The fix: Every January, we budgeted some time to redesign our website. We gave it a fresh new look that showcased all of our more current work. We also established the rule that a project wasn’t finished until its case study was on our site; this kept the site fresh and featured our best work, leading to us winning more and larger contracts.

Mistake #10: Not measuring profitability

Building websites was a long, slow process. After analyzing every aspect of how we built sites, we realized that we were rebuilding the same type of code over and over on different projects, and we had no idea how profitable our projects were.

The fix: We constantly reviewed our website creation process to see where we were losing time and how we could reclaim it. For example, when we started a new project, we asked the client to find 5 websites they loved so we could quickly understand their style and design preferences in order to save time in the design stage.

We found that building web forms for projects was a painful time sink, so we started scouting for ways to copy blocks of useful code. Our development team started building reusable components and “engines” that we could keep improving and plug into most of our websites, which saved a lot of time.

We also found that designers invested the same amount of time on every website regardless of its budget. To overcome this issue we worked harder at helping them become more conscious of financial expectations and discussed strategically allocating their time at beginning of every project.

When we finally had a tight, streamlined process for building websites, we started measuring our effort vs. reward ratio. Our analysis led us to pinpoint additional problem areas, refine our process, select better projects and improve profitability.

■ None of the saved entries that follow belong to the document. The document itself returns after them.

lemma left_inverse_negQ_eq_green_mat:
  assumes "B \<in> carrier_mat (N+1) (N+1)" "inverts_mat B negQ"
  shows "B = green_mat"
proof -
  have "B = B * (negQ * green_mat)" using assms(1) by (simp add: negQ_mult_green_mat)
  also have "\<dots> = (B * negQ) * green_mat"
    using assms(1) negQ_carrier green_mat_carrier by (simp add: assoc_mult_mat)
  also have "\<dots> = green_mat"
    using assms green_mat_carrier unfolding inverts_mat_def by simp
  finally show ?thesis .
qed


lemma eigenvalue_negQ_eigenfunction:
  assumes "eigenvalue negQ k"
  obtains j x where "j \<le> N" "x j \<noteq> 0"
    "\<And>i. i \<le> N \<Longrightarrow> (\<Sum>l=0..N. negQ $$ (i,l) * x l) = k * x i"
    "\<And>i. i \<le> N \<Longrightarrow> k * (\<Sum>l=0..N. green i l * x l) = x i"
proof -
  obtain v where v: "v \<in> carrier_vec (N+1)" "v \<noteq> 0\<^sub>v (N+1)" "negQ *\<^sub>v v = k \<cdot>\<^sub>v v"
    using assms negQ_carrier unfolding eigenvalue_def eigenvector_def by auto
  define x where "x l = v $ l" for l
  have v_eq: "v = vec (N+1) x" unfolding x_def by (rule eq_vecI) (use v(1) in auto)
  have "\<exists>j\<le>N. x j \<noteq> 0"
  proof (rule ccontr)
    assume "\<not> ?thesis"
    hence "v = 0\<^sub>v (N+1)" unfolding v_eq by (intro eq_vecI) auto
    thus False using v(2) by simp
  qed
  then obtain j where j: "j \<le> N" "x j \<noteq> 0" by blast
  have "k \<cdot>\<^sub>v (green_mat *\<^sub>v v) = green_mat *\<^sub>v (negQ *\<^sub>v v)"
    unfolding v(3) using green_mat_carrier v(1) by (simp add: mult_mat_vec)
  also have "\<dots> = (green_mat * negQ) *\<^sub>v v"
    by (rule assoc_mult_mat_vec[symmetric, OF green_mat_carrier negQ_carrier v(1)])
  also have "\<dots> = v" using v(1) by (simp add: green_mat_mult_negQ)
  finally have green_v: "k \<cdot>\<^sub>v (green_mat *\<^sub>v v) = v" .
  show ?thesis
  proof (rule that[of j x, OF j])
    fix i assume i: "i \<le> N"
    have "(negQ *\<^sub>v v) $ i = (k \<cdot>\<^sub>v v) $ i" using v(3) by simp
    thus "(\<Sum>l=0..N. negQ $$ (i,l) * x l) = k * x i"
      using i v(1) unfolding v_eq by (simp add: negQ_mult_vec_nth)
    have "(green_mat *\<^sub>v v) $ i = (\<Sum>l=0..N. green i l * x l)"
      unfolding v_eq Suc_eq_plus1[symmetric] by (rule green_mat_mult_vec_nth[OF i])
    moreover have "(k \<cdot>\<^sub>v (green_mat *\<^sub>v v)) $ i = v $ i" using green_v by simp
    ultimately show "k * (\<Sum>l=0..N. green i l * x l) = x i"
      using i green_mat_carrier by (simp add: x_def)
  qed
qed

lemma eigenvalue_negQ_ge:
  assumes "L > 0" "\<And>i. i \<le> N \<Longrightarrow> \<sigma> i > 0"
    and \<sigma>_eigen: "\<And>i. i \<le> N \<Longrightarrow> (\<Sum>k=0..N. green i k * \<sigma> k) = L * \<sigma> i"
    and "eigenvalue negQ k"
  shows "1 / L \<le> k"
proof (rule eigenvalue_negQ_eigenfunction[OF assms(4)])
  fix j x assume x: "j \<le> N" "x j \<noteq> 0"
    "\<And>i. i \<le> N \<Longrightarrow> (\<Sum>l=0..N. negQ $$ (i,l) * x l) = k * x i"
    "\<And>i. i \<le> N \<Longrightarrow> k * (\<Sum>l=0..N. green i l * x l) = x i"
  have "k \<ge> 0"
    by (rule eigenvalue_nonneg_if_diagonally_dominant[OF negQ_diagonally_dominant x(3) x(1,2)])
  have "k \<noteq> 0" using x(2) x(4)[OF x(1)] by auto
  have green_x: "(\<Sum>l=0..N. green i l * x l) = 1 / k * x i" if "i \<le> N" for i
    using x(4)[OF that] \<open>k \<noteq> 0\<close> by (simp add: eq_divide_eq mult.commute)
  have "\<bar>1 / k\<bar> \<le> L"
    by (rule abs_eigenvalue_le_positive_eigenvalue[OF _ assms(2) \<sigma>_eigen green_x x(1,2)])
      (simp add: green_pos less_imp_le)
  thus ?thesis using \<open>k \<ge> 0\<close> \<open>k \<noteq> 0\<close> assms(1) by (simp add: field_simps)
qed

lemma eigenvalue_negQ_inverse:
  assumes "L > 0" "\<And>i. i \<le> N \<Longrightarrow> \<sigma> i > 0"
    and \<sigma>_eigen: "\<And>i. i \<le> N \<Longrightarrow> (\<Sum>k=0..N. green i k * \<sigma> k) = L * \<sigma> i"
  shows "eigenvalue negQ (1 / L)"
  unfolding eigenvalue_def eigenvector_def
proof (intro exI[of _ "vec (N+1) \<sigma>"] conjI)
  show "vec (N+1) \<sigma> \<in> carrier_vec (dim_row negQ)" using negQ_carrier by simp
  show "vec (N+1) \<sigma> \<noteq> 0\<^sub>v (dim_row negQ)"
  proof
    assume "vec (N+1) \<sigma> = 0\<^sub>v (dim_row negQ)"
    hence "vec (N+1) \<sigma> $ 0 = 0\<^sub>v (dim_row negQ) $ 0" by simp
    thus False using assms(2)[of 0] negQ_carrier by simp
  qed
  show "negQ *\<^sub>v vec (N+1) \<sigma> = (1 / L) \<cdot>\<^sub>v vec (N+1) \<sigma>"
  proof (rule eq_vecI)
    fix i assume "i < dim_vec ((1 / L) \<cdot>\<^sub>v vec (N+1) \<sigma>)"
    hence i: "i \<le> N" by simp
    have "L * (\<Sum>j=0..N. negQ $$ (i,j) * \<sigma> j) = (\<Sum>j=0..N. negQ $$ (i,j) * (L * \<sigma> j))"
      by (simp add: sum_distrib_left mult_ac)
    also have "\<dots> = (\<Sum>j=0..N. negQ $$ (i,j) * (\<Sum>k=0..N. green j k * \<sigma> k))"
      by (intro sum.cong) (simp_all add: \<sigma>_eigen)
    also have "\<dots> = \<sigma> i" by (rule negQ_green_apply[OF i])
    finally show "(negQ *\<^sub>v vec (N+1) \<sigma>) $ i = ((1 / L) \<cdot>\<^sub>v vec (N+1) \<sigma>) $ i"
      using i assms(1) by (simp add: negQ_mult_vec_nth field_simps)
  qed (use negQ_carrier in simp)
qed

Mistake #11: Taking any work that came our way

For years we did any sort of web-based programming and design work regardless of the size of the client. Then we stumbled on a few web application projects for bigger clients and quickly found that not only did we prefer doing application development work, but it was also highly profitable. It took us a long time to realize that you can charge more when your agency specializes in one area of work where you excel.

The fix: When we officially made the switch from web design, we changed up our website and positioned ourselves as “Web Application Developers,” highlighting our best application development work, and we started turning down smaller web design contracts. Your agency’s speciality might be B2C or B2B sites or you might even specialize vertically. In any case, once your agency gets off its feet, look to specialization to maximize your profits.

Mistake #12: Not offering extras

After correcting the mistakes that dragged our business into the red (#1 to #11), our margins began looking a lot healthier. We realized that we needed to start thinking about maximizing our financial turnover without significantly increasing our workload.

The fix: We realized that some small, easy-to-add services were creating huge value for our customers, so we began adding a menu of these items to each proposal. Clients could choose features like forums, news feeds, image galleries and more to their sites just by checking a box. Later, we added more substantial services to the menu, like an annual SEO audit and email management. Discovering this low-effort, high-payoff work improved our bottom line, and clients were thrilled to be getting extras they hadn’t considered.  

Mistakes Made Us Who We Are Today

Building and scaling our web agency taught us a lot of valuable lessons and also led to Dan and I building the early version of Teamwork Projects which became the foundation of Teamwork.com.

While the 12 biggest mistakes we made weren’t obvious at first, my hope is that discussing how we turned things around will help you bypass the struggle and fast track your way to building a sustainable and highly profitable web design agency.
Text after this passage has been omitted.